Protecting the Digital Body

With the proliferation of surveillance technology, Americans’ expectation of privacy seems hardly “expected” at present. It’s time to reinvent how this concept is defined in the law and how we think about Fourth Amendment protections. Legal scholar Christopher Slobogin agrees, as he points out in his chapter Is The Fourth Amendment Relevant in the Technological Age?, writing that “…the government should have to justify privacy-invading virtual searches even though no physical confrontation is involved”. Slobogin goes on to assert that we should focus on redefining the word “search”, as used in the Fourth Amendment, to its colloquial definition of “…looking into, over, or through something in order to find somebody or something.”

I think this is where he makes a mistake. Slogobin’s focus on the term “search” is an attempt to redefine the act of searching, which is inherently tied to the surveillance capability initiating it. When we think of current surveillance systems such as cameras and listening devices, we do not account for future evolutions in what surveillance might look like. To alter the definition of “search” is to simply stretch it to our current landscape of surveillance technology and its practices.

Today, 97% of Americans own a cell phone. It is likely an assumed utility of your everyday life. For example, as you move throughout your day, you are leaving digital footprints every time you pick up your device. Your location data, call logs, internet connections, and more are all being willingly shared with a variety of companies and organizations. Currently in the law, this is usually viewed as a voluntary release of information because you consent when you use these capabilities.

In terms of Justice Harlan’s concurrence in United States v. Katz, you likely do not have an “…actual (subjective) expectation of privacy.” So when Slogobin attempts to account for modern technology by altering the definition of “search”, he overshoots the more fundamental piece; an alleged intrusion would likely not be considered a search if there was no reasonable expectation of privacy. Given the rapidly changing state of surveillance technology, we ought to not fixate on the nuances of the term “search” and instead assume perfect surveillance.

For example, an article in Bloomberg Businessweek points out the Baltimore Police Departments use of persistent and warrantless aerial surveillance to identify criminals or potential hotspots for crime. This is an example of where law enforcement is moving: proactive and technologically sophisticated surveillance at all times. We already have the technology to track every person’s movement and behavior.

Thinking back to United States v. Katz, so much emphasis was placed on whether a phone booth (a specific and unique piece of technology) was to be considered private or public. Fixating on how to align privacy with specific technologies was a theme in Smith v. Maryland, where the public-private debate was on trial for a particular technology called a pen register. Contorting privacy around capability sets like this is a losing game in a modern world of perfect surveillance capabilities.

Instead, the law ought to focus on developing the expectation of privacy as a concept of property rights over the body. The core premise is that if we can define the rights of the body, and the body represents the paragon of privacy, then we can come to a thorough definition of privacy that is flexible and technology agnostic. The legal treatment of the body as property has a longstanding history in bioethics, where genetic material and other biospecimens have had their ownership debated as personal property. Assuming these biospecimens are property of the person that they are extracted from, could personal data created through using technology and participating in a technology-driven society also be considered an extension of the body? Data represents raw material that is created as a part of human movements in space and time, perhaps just as fundamental to our identities as organic biospecimens.

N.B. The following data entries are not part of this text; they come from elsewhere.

lemma lambda_min_negative:
  fixes A :: "real^'n^'n"
  assumes symA: "transpose A = A" and notpsd: "\<not> psd A"
  shows "lambda_min A < 0"
proof -
  obtain m where eig: "mat_eigenvalue A m" and bound: "\<And>y. m * (y \<bullet> y) \<le> y \<bullet> (A *v y)"
    using symmetric_rayleigh_min_eigenvalue[OF symA] by blast
  obtain y where "y \<bullet> (A *v y) < 0" using notpsd unfolding psd_def by (auto simp: not_le)
  with bound[of y] have "m * (y \<bullet> y) < 0" by linarith
  then have "m < 0" using inner_ge_zero[of y] by (auto simp: mult_less_0_iff)
  moreover have "lambda_min A \<le> m"
    unfolding lambda_min_def using eig finite_eigenvalues_symmetric[OF symA] by (intro Min_le) auto
  ultimately show ?thesis by simp
qed

lemma exists_kernel_vector_orthogonal:
  fixes B :: "real^'n^'n"
  assumes symB: "\<And>x y. x \<bullet> (B *v y) = (B *v x) \<bullet> y"
    and dim: "dim (span (S \<union> range ((*v) B))) \<le> CARD('n) - 1"
  obtains v where "v \<noteq> 0" "B *v v = 0" "\<And>s. s \<in> S \<Longrightarrow> s \<bullet> v = 0"
proof -
  define W where "W = S \<union> range ((*v) B)"
  have "dim W \<le> CARD('n) - 1" using dim by (simp add: W_def dim_span)
  moreover have "CARD('n) > 0" by simp
  ultimately have "dim W < DIM(real^'n)" unfolding DIM_cart DIM_real by linarith
  then obtain v where "v \<noteq> 0" and vo: "\<And>y. y \<in> W \<Longrightarrow> v \<bullet> y = 0"
    using orthogonal_to_subspace_exists span_base unfolding orthogonal_def by metis
  have "s \<bullet> v = 0" if "s \<in> S" for s
    using vo[of s] that by (simp add: W_def inner_commute)
  moreover have "(B *v v) \<bullet> (B *v v) = 0"
    using vo[of "B *v (B *v v)"] symB[of v "B *v v"] by (simp add: W_def)
  ultimately show ?thesis using that \<open>v \<noteq> 0\<close> by simp
qed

The expectation of privacy ought to extend to the digital footprints we leave no matter the time or place they occur. Our identities in online and physical worlds are so fused together than an understanding of privacy expectations must take both into account. As the court’s opinion framed it in United States v. Katz, “the Fourth Amendment protects people, not places.” If this is the case, then the protections for individuals ought to consider a thorough understanding of what comprises identity. Though Slogobin’s concerns around Fourth Amendment protections in a surveillance era are valid, his proposed solutions may not fully ameliorate the overextension of the government. The expectation of privacy slowly erodes as technological advancements become normalized. In the same way people have come to accept sharing their lives through social media, or agreeing to Terms of Service for tracking apps, any future surveillance tools employed by the government will gradually become standard. To maintain an expectation of privacy, that expectation must be rooted in autonomy over the body and identity, which are more steadfast anchor points than the rapidly evolving world of surveillance technology.